* **Extracted information**
text \<open>The winding-number conditions say exactly that u \<mapsto> 1/u turns \<gamma> into a
  contour with the opposite winding number around every point of pts.\<close>
locale inversion_separating_contour =
  fixes \<gamma> :: "real \<Rightarrow> complex" and pts :: "complex set"
  assumes valid: "valid_path \<gamma>"
    and closed: "pathfinish \<gamma> = pathstart \<gamma>"
    and finite_pts: "finite pts"
    and zero_in_pts: "0 \<in> pts"
    and inverse_in_pts: "\<And>p. p \<in> pts \<Longrightarrow> inverse p \<in> pts"
    and avoids_pts: "path_image \<gamma> \<inter> pts = {}"
    and winding_number_zero: "winding_number \<gamma> 0 = 1"
    and winding_number_pair:
      "\<And>p. p \<in> pts \<Longrightarrow> p \<noteq> 0 \<Longrightarrow> winding_number \<gamma> p + winding_number \<gamma> (inverse p) = 1"
begin

lemma zero_notin_path_image: "0 \<notin> path_image \<gamma>"
  using avoids_pts zero_in_pts by auto

lemma holomorphic_on_inverse_substitution:
  assumes "f holomorphic_on -pts"
  shows "(\<lambda>u. f (inverse u) / u^2) holomorphic_on -pts"
proof -
  have "inverse ` (-pts) \<subseteq> -pts"
    using inverse_in_pts by (metis ComplD ComplI image_subsetI inverse_inverse_eq)
  then have "(f \<circ> inverse) holomorphic_on -pts"
    using zero_in_pts by (intro holomorphic_on_compose_gen[OF _ assms] holomorphic_intros) auto
  then show ?thesis
    using zero_in_pts by (auto intro!: holomorphic_intros simp: o_def)
qed

lemma winding_number_inverse_comp_pts:
  assumes "p \<in> pts"
  shows "winding_number (inverse \<circ> \<gamma>) p = - winding_number \<gamma> p"
proof (cases "p = 0")
  case True
  then show ?thesis
    using winding_number_inverse_comp_0[OF valid zero_notin_path_image] winding_number_zero by simp
next
  case False
  have "inverse p \<notin> path_image \<gamma>"
    using inverse_in_pts[OF assms] avoids_pts by auto
  moreover have "winding_number \<gamma> (inverse p) = 1 - winding_number \<gamma> p"
    using winding_number_pair[OF assms False] by (simp add: eq_diff_eq add.commute)
  ultimately show ?thesis
    using winding_number_inverse_comp[OF valid zero_notin_path_image False] winding_number_zero
    by simp
qed

lemma contour_integral_inverse_substitution:
  assumes "f holomorphic_on -pts"
  shows "contour_integral \<gamma> (\<lambda>u. f (inverse u) / u^2) = contour_integral \<gamma> f"
proof -
  have hol: "f holomorphic_on UNIV - pts"
    using assms by (simp add: Compl_eq_Diff_UNIV)
  have "path_image (inverse \<circ> \<gamma>) \<inter> pts = {}"
    using avoids_pts inverse_in_pts by (fastforce simp: path_image_compose)
  moreover have "pathfinish (inverse \<circ> \<gamma>) = pathstart (inverse \<circ> \<gamma>)"
    using closed by (simp add: pathfinish_compose pathstart_compose)
  ultimately have "contour_integral (inverse \<circ> \<gamma>) f
      = 2 * pi * \<i> * (\<Sum>p\<in>pts. winding_number (inverse \<circ> \<gamma>) p * residue f p)"
    using valid_path_inverse_comp[OF valid zero_notin_path_image]
    by (intro Residue_theorem[OF open_UNIV connected_UNIV finite_pts hol]) auto
  also have "\<dots> = - (2 * pi * \<i> * (\<Sum>p\<in>pts. winding_number \<gamma> p * residue f p))"
    by (simp add: winding_number_inverse_comp_pts sum_negf)
  also have "\<dots> = - contour_integral \<gamma> f"
    using avoids_pts
    by (subst Residue_theorem[OF open_UNIV connected_UNIV finite_pts hol valid closed]) auto
  finally show ?thesis
    using contour_integral_inverse_comp[OF valid zero_notin_path_image, of f] by simp
qed

lemma contour_integral_symmetrize:
  assumes f: "f holomorphic_on -pts" and g: "g holomorphic_on -pts"
    and sym: "\<And>u. u \<in> path_image \<gamma> \<Longrightarrow> f u + f (inverse u) / u^2 = 2 * c * g u"
  shows "contour_integral \<gamma> f = c * contour_integral \<gamma> g"
proof -
  have "open (-pts)"
    using finite_pts by (simp add: finite_imp_closed open_Compl)
  moreover have "path_image \<gamma> \<subseteq> -pts"
    using avoids_pts by auto
  ultimately have integrable: "h contour_integrable_on \<gamma>" if "h holomorphic_on -pts" for h
    using that valid by (intro contour_integrable_holomorphic_simple) auto
  have "2 * contour_integral \<gamma> f
      = contour_integral \<gamma> f + contour_integral \<gamma> (\<lambda>u. f (inverse u) / u^2)"
    using contour_integral_inverse_substitution[OF f] by simp
  also have "\<dots> = contour_integral \<gamma> (\<lambda>u. f u + f (inverse u) / u^2)"
    by (intro contour_integral_add[symmetric] integrable f holomorphic_on_inverse_substitution)
  also have "\<dots> = contour_integral \<gamma> (\<lambda>u. 2 * c * g u)"
    using sym by (intro contour_integral_cong) auto
  also have "\<dots> = 2 * c * contour_integral \<gamma> g"
    by (intro contour_integral_lmul integrable g)
  finally show ?thesis
    by simp
qed

lemma contour_integral_odd_part:
  assumes "\<i> \<in> pts" "- \<i> \<in> pts"
    and \<phi>: "\<phi> holomorphic_on -pts" and H: "H holomorphic_on -pts"
    and H_inverse: "\<And>u. u \<notin> pts \<Longrightarrow> H (inverse u) = H u"
    and \<phi>_odd: "\<And>u. u \<notin> pts \<Longrightarrow> \<phi> u - \<phi> (inverse u) = 2 * c * (1/u - u)"
  shows "contour_integral \<gamma> (\<lambda>u. (1/u) * \<phi> u * ((1 - u^2) / (1 + u^2)) * H u)
    = c * contour_integral \<gamma> (\<lambda>u. (1/u) * ((1 - u^2)^2 / (u * (1 + u^2))) * H u)"
proof (rule contour_integral_symmetrize)
  have nonzero: "u \<noteq> 0" "1 + u^2 \<noteq> 0" if "u \<notin> pts" for u
    using that assms(1,2) zero_in_pts complex_one_plus_square_eq_0_iff by auto
  show "(\<lambda>u. (1/u) * \<phi> u * ((1 - u^2) / (1 + u^2)) * H u) holomorphic_on -pts"
    "(\<lambda>u. (1/u) * ((1 - u^2)^2 / (u * (1 + u^2))) * H u) holomorphic_on -pts"
    using nonzero by (auto intro!: holomorphic_intros \<phi> H)
  fix u assume "u \<in> path_image \<gamma>"
  then have "u \<notin> pts"
    using avoids_pts by auto
  then show "(1/u) * \<phi> u * ((1 - u^2) / (1 + u^2)) * H u
      + (1 / inverse u) * \<phi> (inverse u) * ((1 - (inverse u)^2) / (1 + (inverse u)^2))
          * H (inverse u) / u^2
    = 2 * c * ((1/u) * ((1 - u^2)^2 / (u * (1 + u^2))) * H u)"
    unfolding H_inverse[OF \<open>u \<notin> pts\<close>]
    by (intro inversion_odd_part_identity nonzero \<phi>_odd \<open>u \<notin> pts\<close>)
qed

end

definition integrand_poles :: "complex \<Rightarrow> complex \<Rightarrow> complex \<Rightarrow> complex set" where
  "integrand_poles q s w2 = {0, s, \<i>, q * w2, q / w2, inverse s, - \<i>, w2 / q, inverse (q * w2)}"

locale integration_contour = inversion_separating_contour \<gamma> "integrand_poles q s w2"
  for \<gamma> :: "real \<Rightarrow> complex" and q s w2 :: complex +
  assumes q_nonzero: "q \<noteq> 0" and w2_nonzero: "w2 \<noteq> 0"
begin

lemma not_pole_nonzero:
  assumes "u \<notin> integrand_poles q s w2"
  shows "u \<noteq> 0" "1 - s * u \<noteq> 0" "1 - s / u \<noteq> 0"
  using assms inverse_unique[of s u] by (auto simp: integrand_poles_def field_simps)

lemma Hc_holomorphic_off_poles:
  "fock_vec N v \<Longrightarrow> (\<lambda>w1. Hc N j q qh v \<nu> w1 w2) holomorphic_on -integrand_poles q s w2"
  by (rule holomorphic_on_subset[OF Hc_holomorphic[OF _ q_nonzero w2_nonzero]])
    (auto simp: integrand_poles_def)

lemma imaginary_units_in_poles: "\<i> \<in> integrand_poles q s w2" "- \<i> \<in> integrand_poles q s w2"
  by (simp_all add: integrand_poles_def)

lemma odd_part_1_minus_s:
  assumes "u \<notin> integrand_poles q s w2"
  shows "(1 - s * u) * (1 - q / (u * w2)) - (1 - s * inverse u) * (1 - q / (inverse u * w2))
    = 2 * (- (q / (2 * w2)) * (1 - s * w2 / q)) * (1/u - u)"
  using not_pole_nonzero[OF assms] q_nonzero w2_nonzero by (simp add: field_simps)

lemma contour_integral_Hc_times_1_minus_s_w1:
  assumes "fock_vec N v"
  shows "contour_integral \<gamma> (\<lambda>w1. (1 / w1) * (1 - s * w1) * (1 - q / (w1 * w2))
        * ((1 - w1 ^ 2) / (1 + w1 ^ 2)) * Hc N j q qh v \<nu> w1 w2)
      = - (q / (2 * w2)) * (1 - s * w2 / q) * contour_integral \<gamma> (\<lambda>w1. (1 / w1)
        * ((1 - w1 ^ 2) ^ 2 / (w1 * (1 + w1 ^ 2))) * Hc N j q qh v \<nu> w1 w2)"
proof -
  have "(\<lambda>u. (1 - s * u) * (1 - q / (u * w2))) holomorphic_on -integrand_poles q s w2"
    using not_pole_nonzero by (intro holomorphic_intros) auto
  then have "contour_integral \<gamma> (\<lambda>u. (1/u) * ((1 - s * u) * (1 - q / (u * w2)))
        * ((1 - u^2) / (1 + u^2)) * Hc N j q qh v \<nu> u w2)
      = - (q / (2 * w2)) * (1 - s * w2 / q) * contour_integral \<gamma> (\<lambda>u. (1/u)
        * ((1 - u^2)^2 / (u * (1 + u^2))) * Hc N j q qh v \<nu> u w2)"
    by (rule contour_integral_odd_part[OF imaginary_units_in_poles _
          Hc_holomorphic_off_poles[OF assms] Hc_inverse_left odd_part_1_minus_s])
  then show ?thesis
    by (simp only: mult.assoc)
qed

lemma contour_integral_Hc_times_w1:
  assumes "fock_vec N v"
  shows "contour_integral \<gamma> (\<lambda>w1. (1 / w1) * w1 * (1 - q / (w1 * w2))
        * ((1 - w1 ^ 2) / (1 + w1 ^ 2)) * Hc N j q qh v \<nu> w1 w2)
      = - (1 / 2) * contour_integral \<gamma> (\<lambda>w1. (1 / w1)
        * ((1 - w1 ^ 2) ^ 2 / (w1 * (1 + w1 ^ 2))) * Hc N j q qh v \<nu> w1 w2)"
proof -
  have "(\<lambda>u. u * (1 - q / (u * w2))) holomorphic_on -integrand_poles q s w2"
    using not_pole_nonzero by (intro holomorphic_intros) auto
  moreover have "u * (1 - q / (u * w2)) - inverse u * (1 - q / (inverse u * w2))
      = 2 * (- (1/2)) * (1/u - u)"
    if "u \<notin> integrand_poles q s w2" for u
    using not_pole_nonzero[OF that] w2_nonzero by (simp add: field_simps)
  ultimately have "contour_integral \<gamma> (\<lambda>u. (1/u) * (u * (1 - q / (u * w2)))
        * ((1 - u^2) / (1 + u^2)) * Hc N j q qh v \<nu> u w2)
      = - (1/2) * contour_integral \<gamma> (\<lambda>u. (1/u)
        * ((1 - u^2)^2 / (u * (1 + u^2))) * Hc N j q qh v \<nu> u w2)"
    by (rule contour_integral_odd_part[OF imaginary_units_in_poles _
          Hc_holomorphic_off_poles[OF assms] Hc_inverse_left])
  then show ?thesis
    by (simp only: mult.assoc)
qed

text \<open>Dividing H by the inversion-invariant factor (1 - s w1)(1 - s/w1) reduces this
  identity to the one with weight (1 - s w1).\<close>
lemma contour_integral_Hc_div_1_minus_s_div_w1:
  assumes "fock_vec N v"
  shows "contour_integral \<gamma> (\<lambda>w1. (1 / w1) * ((1 - q / (w1 * w2)) / (1 - s / w1))
        * ((1 - w1 ^ 2) / (1 + w1 ^ 2)) * Hc N j q qh v \<nu> w1 w2)
      = - (q / (2 * w2)) * (1 - s * w2 / q) * contour_integral \<gamma> (\<lambda>w1. (1 / w1)
        * ((1 - w1 ^ 2) ^ 2 / (w1 * (1 + w1 ^ 2)))
        * (Hc N j q qh v \<nu> w1 w2 / ((1 - s * w1) * (1 - s / w1))))"
proof -
  define H where "H u = Hc N j q qh v \<nu> u w2 / ((1 - s * u) * (1 - s / u))" for u
  have "(\<lambda>u. (1 - s * u) * (1 - q / (u * w2))) holomorphic_on -integrand_poles q s w2"
    "H holomorphic_on -integrand_poles q s w2"
    unfolding H_def using not_pole_nonzero
    by (auto intro!: holomorphic_intros Hc_holomorphic_off_poles[OF assms])
  moreover have "H (inverse u) = H u" for u
    unfolding H_def Hc_inverse_left by (simp add: divide_inverse mult.commute)
  ultimately have "contour_integral \<gamma> (\<lambda>u. (1/u) * ((1 - s * u) * (1 - q / (u * w2)))
        * ((1 - u^2) / (1 + u^2)) * H u)
      = - (q / (2 * w2)) * (1 - s * w2 / q) * contour_integral \<gamma> (\<lambda>u. (1/u)
        * ((1 - u^2)^2 / (u * (1 + u^2))) * H u)"
    by (intro contour_integral_odd_part imaginary_units_in_poles odd_part_1_minus_s)
  moreover have "contour_integral \<gamma> (\<lambda>u. (1 / u) * ((1 - q / (u * w2)) / (1 - s / u))
        * ((1 - u ^ 2) / (1 + u ^ 2)) * Hc N j q qh v \<nu> u w2)
      = contour_integral \<gamma> (\<lambda>u. (1/u) * ((1 - s * u) * (1 - q / (u * w2)))
        * ((1 - u^2) / (1 + u^2)) * H u)"
  proof (rule contour_integral_cong[OF refl])
    fix u assume "u \<in> path_image \<gamma>"
    then have "u \<notin> integrand_poles q s w2"
      using avoids_pts by auto
    from not_pole_nonzero[OF this] show "(1 / u) * ((1 - q / (u * w2)) / (1 - s / u))
        * ((1 - u ^ 2) / (1 + u ^ 2)) * Hc N j q qh v \<nu> u w2
      = (1/u) * ((1 - s * u) * (1 - q / (u * w2))) * ((1 - u^2) / (1 + u^2)) * H u"
      unfolding H_def by (simp add: mult_ac)
  qed
  ultimately show ?thesis
    unfolding H_def by simp
qed

end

* **What you need to do**
Filter the preceding entries down to the lines with "inter".

* **Finished task**
    and avoids_pts: "path_image \<gamma> \<inter> pts = {}"
  have "path_image (inverse \<circ> \<gamma>) \<inter> pts = {}"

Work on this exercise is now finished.